__WHAT THE TASK ASKS__:
Take the entries that follow and write them out again, word for word.

** Opening EXERCISE MATERIALS block **

lemma exceptional_abelian_chars_empty_if_weakly_coprime:
  assumes pos: "\<forall>i\<in>{1, 2, 3}. p i \<ge> 1" and "weakly_coprime p"
  shows "exceptional_abelian_chars p q = {}"
proof (rule equals0I)
  fix chr assume "chr \<in> exceptional_abelian_chars p q"
  then obtain \<rho> \<sigma> e where rep: "is_rep p q \<rho>" and \<sigma>: "diagonal_rep p q \<sigma>"
    and "chr = character \<sigma>" and chr: "character \<rho> = character \<sigma>"
    and e: "e^2 = 1" "\<rho> H = mat e" "\<sigma> H = mat e"
    and exc: "\<forall>i\<in>{1, 2, 3}. \<rho> (C i) \<noteq> mat 1 \<and> \<rho> (C i) \<noteq> mat (-1)"
    by (rule exceptional_abelian_charsE)
  obtain c where c: "c \<in> {1, 2, 3}" and cop: "\<forall>j\<in>{1, 2, 3}. j \<noteq> c \<longrightarrow> coprime (p c) (p j)"
    using \<open>weakly_coprime p\<close> unfolding weakly_coprime_def by blast
  obtain x where \<sigma>c: "\<sigma> (C c) = mat x" "x^2 = 1"
    using \<sigma> e(3,1) c cop by (rule diagonal_rep_generator_scalar_if_coprime)
  have "trace (\<rho> (C c)) = 2 * x"
    using trace_eq_if_character_eq[OF chr, of "C c"] c \<sigma>c(1) by (simp add: mat_eq_mat2)
  then have "\<rho> (C c) = mat x" using rep_generator_scalar_if_trace[OF rep e(2,1) c] pos c \<sigma>c(2) by auto
  moreover have "x = 1 \<or> x = -1" using \<sigma>c(2) by (simp add: power2_eq_1_iff)
  ultimately show False using exc c by auto
qed

lemma finite_exceptional_abelian_chars:
  assumes pos: "\<forall>i\<in>{1, 2, 3}. p i \<ge> 1"
  shows "finite (exceptional_abelian_chars p q)"
proof -
  define G where "G = {H, C 1, C 2, C 3}"
  define F where "F g = (case g of H \<Rightarrow> {mat 1, mat (-1)}
    | C i \<Rightarrow> (\<lambda>x. mat2 x 0 0 (inverse x)) ` {x. (x^2) powi p i = 1})" for g
  have "finite (F g)" if "g \<in> G" for g
  proof (cases g)
    case (C i)
    with that have i: "i \<in> {1, 2, 3}" by (auto simp: G_def)
    with pos have "{x :: complex. (x^2) powi p i = 1} = {x. x ^ (2 * nat (p i)) = 1}"
      by (auto simp: power_int_nonneg_exp power_mult)
    moreover have "finite {x :: complex. x ^ (2 * nat (p i)) = 1}"
      using pos i by (intro finite_roots_unity) auto
    ultimately show ?thesis using C by (simp add: F_def)
  qed (simp add: F_def)
  then have "finite (Pi\<^sub>E G F)" by (intro finite_PiE) (auto simp: G_def)
  moreover have "exceptional_abelian_chars p q \<subseteq> character ` Pi\<^sub>E G F"
  proof
    fix chr assume "chr \<in> exceptional_abelian_chars p q"
    then obtain \<sigma> e where \<sigma>: "diagonal_rep p q \<sigma>" "chr = character \<sigma>"
      and e: "e^2 = 1" "\<sigma> H = mat e"
      by (elim exceptional_abelian_charsE) blast
    have "\<sigma> g \<in> F g" if "g \<in> G" for g
    proof (cases g)
      case (C i)
      with that have i: "i \<in> {1, 2, 3}" by (auto simp: G_def)
      obtain x where "\<sigma> (C i) = mat2 x 0 0 (inverse x)" "x \<noteq> 0" "(x^2) powi p i = 1"
        using \<sigma>(1) e(2,1) i by (rule diagonal_rep_generator)
      then show ?thesis using C by (simp add: F_def)
    next
      case H
      then show ?thesis using e by (auto simp: F_def power2_eq_1_iff)
    qed
    then have "restrict \<sigma> G \<in> Pi\<^sub>E G F" by (simp add: restrict_PiE_iff)
    moreover have "chr = character (restrict \<sigma> G)"
      using \<sigma>(2) by (auto intro: character_cong simp: valid_gen_iff G_def)
    ultimately show "chr \<in> character ` Pi\<^sub>E G F" by blast
  qed
  ultimately show ?thesis by (meson finite_imageI finite_subset)
qed
(* Let $\mathscr{A}$ be a monoidal category with unit object $I$, let $T=(T,\mu,\eta)$ be a monoidal monad on $\mathscr{A}$, and let $(G,\zeta,\delta,\varepsilon)$ be an opmonoidal mixed opwreath around $T$. Then the monoid $\mathrm{mkl}(G,\zeta,T)(I,I)=\mathscr{A}(GI,TI)$ of endomorphisms of $I$ in the category $\mathrm{mkl}(G,\zeta,T)$ is commutative.
   Context: A monoidal monad on $\mathscr{A}$ is a monad $T$ with a lax monoidal structure $\phi_{X,Y}\colon TX\otimes TY\to T(X\otimes Y)$, $\phi_0\colon I\to TI$ such that $\mu$ and $\eta$ are monoidal natural transformations. The Kleisli category $\mathscr{A}_T$ (objects of $\mathscr{A}$, morphisms $X\to Y$ are morphisms $X\to TY$ of $\mathscr{A}$, composite of $f\colon X\to TY$ and $g\colon Y\to TZ$ is $\mu_Z\circ Tg\circ f$) is then monoidal with tensor of objects as in $\mathscr{A}$, tensor of $f\colon X\to TY$, $f'\colon X'\to TY'$ equal to $\phi_{Y,Y'}\circ(f\otimes f')$, and unit $I$. A mixed opwreath around $T$ is an endofunctor $G$ of $\mathscr{A}$ with natural transformations $\zeta\colon GT\Rightarrow TG$, $\delta\colon G\Rightarrow TGG$, $\varepsilon\colon G\Rightarrow T$ satisfying: $\zeta\circ G\mu=\mu G\circ T\zeta\circ\zeta T$; $\zeta\circ G\eta=\eta G$; $\mu\circ\varepsilon T=\mu\circ T\varepsilon\circ\zeta$; $\mu GG\circ T\zeta G\circ TG\zeta\circ\delta T=\mu GG\circ T\delta\circ\zeta$; $\mu GGG\circ T\delta G\circ\delta=\mu GGG\circ T\zeta GG\circ TG\delta\circ\delta$; $\mu G\circ T\varepsilon G\circ\delta=\eta G$; $\mu G\circ T\zeta\circ TG\varepsilon\circ\delta=\eta G$ (juxtaposition denotes composition/whiskering of functors and transformations). It induces a lifted comonad $\bar G$ on $\mathscr{A}_T$: $\bar G X=GX$, $\bar G f=\zeta_Y\circ Gf\colon GX\to TGY$ for $f\colon X\to TY$, comultiplication $\bar\delta_X=\delta_X\colon GX\to TGGX$ and counit $\bar\varepsilon_X=\varepsilon_X\colon GX\to TX$ (as Kleisli morphisms). The mixed opwreath is opmonoidal when $\bar G$ is equipped with an opmonoidal comonad structure on the monoidal category $\mathscr{A}_T$, i.e. $\bar G$ is an opmonoidal functor (natural Kleisli morphisms $\psi_{X,X'}\colon G(X\otimes X')\to T(GX\otimes GX')$ and $\psi_0\colon GI\to TI$, coassociative and counital) and $\bar\delta$, $\bar\varepsilon$ are opmonoidal natural transformations. The category $\mathrm{mkl}(G,\zeta,T)$ has the objects of $\mathscr{A}$, hom-sets $\mathrm{mkl}(G,\zeta,T)(X,Y)=\mathscr{A}(GX,TY)$, identity on $X$ equal to $\varepsilon_X$, and composite of $f\colon GX\to TY$ and $g\colon GY\to TZ$ given by the wreath convolution $\mu^{(3)}_Z\circ TTg\circ T\zeta_Y\circ TGf\circ\delta_X$, where $\mu^{(3)}=\mu\circ T\mu\colon TTT\Rightarrow T$. *)

theory Defs
  imports Main
begin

** Closing EXERCISE MATERIALS block **

__EXERCISE ANSWER__:
lemma exceptional_abelian_chars_empty_if_weakly_coprime:
  assumes pos: "\<forall>i\<in>{1, 2, 3}. p i \<ge> 1" and "weakly_coprime p"
  shows "exceptional_abelian_chars p q = {}"
proof (rule equals0I)
  fix chr assume "chr \<in> exceptional_abelian_chars p q"
  then obtain \<rho> \<sigma> e where rep: "is_rep p q \<rho>" and \<sigma>: "diagonal_rep p q \<sigma>"
    and "chr = character \<sigma>" and chr: "character \<rho> = character \<sigma>"
    and e: "e^2 = 1" "\<rho> H = mat e" "\<sigma> H = mat e"
    and exc: "\<forall>i\<in>{1, 2, 3}. \<rho> (C i) \<noteq> mat 1 \<and> \<rho> (C i) \<noteq> mat (-1)"
    by (rule exceptional_abelian_charsE)
  obtain c where c: "c \<in> {1, 2, 3}" and cop: "\<forall>j\<in>{1, 2, 3}. j \<noteq> c \<longrightarrow> coprime (p c) (p j)"
    using \<open>weakly_coprime p\<close> unfolding weakly_coprime_def by blast
  obtain x where \<sigma>c: "\<sigma> (C c) = mat x" "x^2 = 1"
    using \<sigma> e(3,1) c cop by (rule diagonal_rep_generator_scalar_if_coprime)
  have "trace (\<rho> (C c)) = 2 * x"
    using trace_eq_if_character_eq[OF chr, of "C c"] c \<sigma>c(1) by (simp add: mat_eq_mat2)
  then have "\<rho> (C c) = mat x" using rep_generator_scalar_if_trace[OF rep e(2,1) c] pos c \<sigma>c(2) by auto
  moreover have "x = 1 \<or> x = -1" using \<sigma>c(2) by (simp add: power2_eq_1_iff)
  ultimately show False using exc c by auto
qed

lemma finite_exceptional_abelian_chars:
  assumes pos: "\<forall>i\<in>{1, 2, 3}. p i \<ge> 1"
  shows "finite (exceptional_abelian_chars p q)"
proof -
  define G where "G = {H, C 1, C 2, C 3}"
  define F where "F g = (case g of H \<Rightarrow> {mat 1, mat (-1)}
    | C i \<Rightarrow> (\<lambda>x. mat2 x 0 0 (inverse x)) ` {x. (x^2) powi p i = 1})" for g
  have "finite (F g)" if "g \<in> G" for g
  proof (cases g)
    case (C i)
    with that have i: "i \<in> {1, 2, 3}" by (auto simp: G_def)
    with pos have "{x :: complex. (x^2) powi p i = 1} = {x. x ^ (2 * nat (p i)) = 1}"
      by (auto simp: power_int_nonneg_exp power_mult)
    moreover have "finite {x :: complex. x ^ (2 * nat (p i)) = 1}"
      using pos i by (intro finite_roots_unity) auto
    ultimately show ?thesis using C by (simp add: F_def)
  qed (simp add: F_def)
  then have "finite (Pi\<^sub>E G F)" by (intro finite_PiE) (auto simp: G_def)
  moreover have "exceptional_abelian_chars p q \<subseteq> character ` Pi\<^sub>E G F"
  proof
    fix chr assume "chr \<in> exceptional_abelian_chars p q"
    then obtain \<sigma> e where \<sigma>: "diagonal_rep p q \<sigma>" "chr = character \<sigma>"
      and e: "e^2 = 1" "\<sigma> H = mat e"
      by (elim exceptional_abelian_charsE) blast
    have "\<sigma> g \<in> F g" if "g \<in> G" for g
    proof (cases g)
      case (C i)
      with that have i: "i \<in> {1, 2, 3}" by (auto simp: G_def)
      obtain x where "\<sigma> (C i) = mat2 x 0 0 (inverse x)" "x \<noteq> 0" "(x^2) powi p i = 1"
        using \<sigma>(1) e(2,1) i by (rule diagonal_rep_generator)
      then show ?thesis using C by (simp add: F_def)
    next
      case H
      then show ?thesis using e by (auto simp: F_def power2_eq_1_iff)
    qed
    then have "restrict \<sigma> G \<in> Pi\<^sub>E G F" by (simp add: restrict_PiE_iff)
    moreover have "chr = character (restrict \<sigma> G)"
      using \<sigma>(2) by (auto intro: character_cong simp: valid_gen_iff G_def)
    ultimately show "chr \<in> character ` Pi\<^sub>E G F" by blast
  qed
  ultimately show ?thesis by (meson finite_imageI finite_subset)
qed
(* Let $\mathscr{A}$ be a monoidal category with unit object $I$, let $T=(T,\mu,\eta)$ be a monoidal monad on $\mathscr{A}$, and let $(G,\zeta,\delta,\varepsilon)$ be an opmonoidal mixed opwreath around $T$. Then the monoid $\mathrm{mkl}(G,\zeta,T)(I,I)=\mathscr{A}(GI,TI)$ of endomorphisms of $I$ in the category $\mathrm{mkl}(G,\zeta,T)$ is commutative.
   Context: A monoidal monad on $\mathscr{A}$ is a monad $T$ with a lax monoidal structure $\phi_{X,Y}\colon TX\otimes TY\to T(X\otimes Y)$, $\phi_0\colon I\to TI$ such that $\mu$ and $\eta$ are monoidal natural transformations. The Kleisli category $\mathscr{A}_T$ (objects of $\mathscr{A}$, morphisms $X\to Y$ are morphisms $X\to TY$ of $\mathscr{A}$, composite of $f\colon X\to TY$ and $g\colon Y\to TZ$ is $\mu_Z\circ Tg\circ f$) is then monoidal with tensor of objects as in $\mathscr{A}$, tensor of $f\colon X\to TY$, $f'\colon X'\to TY'$ equal to $\phi_{Y,Y'}\circ(f\otimes f')$, and unit $I$. A mixed opwreath around $T$ is an endofunctor $G$ of $\mathscr{A}$ with natural transformations $\zeta\colon GT\Rightarrow TG$, $\delta\colon G\Rightarrow TGG$, $\varepsilon\colon G\Rightarrow T$ satisfying: $\zeta\circ G\mu=\mu G\circ T\zeta\circ\zeta T$; $\zeta\circ G\eta=\eta G$; $\mu\circ\varepsilon T=\mu\circ T\varepsilon\circ\zeta$; $\mu GG\circ T\zeta G\circ TG\zeta\circ\delta T=\mu GG\circ T\delta\circ\zeta$; $\mu GGG\circ T\delta G\circ\delta=\mu GGG\circ T\zeta GG\circ TG\delta\circ\delta$; $\mu G\circ T\varepsilon G\circ\delta=\eta G$; $\mu G\circ T\zeta\circ TG\varepsilon\circ\delta=\eta G$ (juxtaposition denotes composition/whiskering of functors and transformations). It induces a lifted comonad $\bar G$ on $\mathscr{A}_T$: $\bar G X=GX$, $\bar G f=\zeta_Y\circ Gf\colon GX\to TGY$ for $f\colon X\to TY$, comultiplication $\bar\delta_X=\delta_X\colon GX\to TGGX$ and counit $\bar\varepsilon_X=\varepsilon_X\colon GX\to TX$ (as Kleisli morphisms). The mixed opwreath is opmonoidal when $\bar G$ is equipped with an opmonoidal comonad structure on the monoidal category $\mathscr{A}_T$, i.e. $\bar G$ is an opmonoidal functor (natural Kleisli morphisms $\psi_{X,X'}\colon G(X\otimes X')\to T(GX\otimes GX')$ and $\psi_0\colon GI\to TI$, coassociative and counital) and $\bar\delta$, $\bar\varepsilon$ are opmonoidal natural transformations. The category $\mathrm{mkl}(G,\zeta,T)$ has the objects of $\mathscr{A}$, hom-sets $\mathrm{mkl}(G,\zeta,T)(X,Y)=\mathscr{A}(GX,TY)$, identity on $X$ equal to $\varepsilon_X$, and composite of $f\colon GX\to TY$ and $g\colon GY\to TZ$ given by the wreath convolution $\mu^{(3)}_Z\circ TTg\circ T\zeta_Y\circ TGf\circ\delta_X$, where $\mu^{(3)}=\mu\circ T\mu\colon TTT\Rightarrow T$. *)

theory Defs
  imports Main
begin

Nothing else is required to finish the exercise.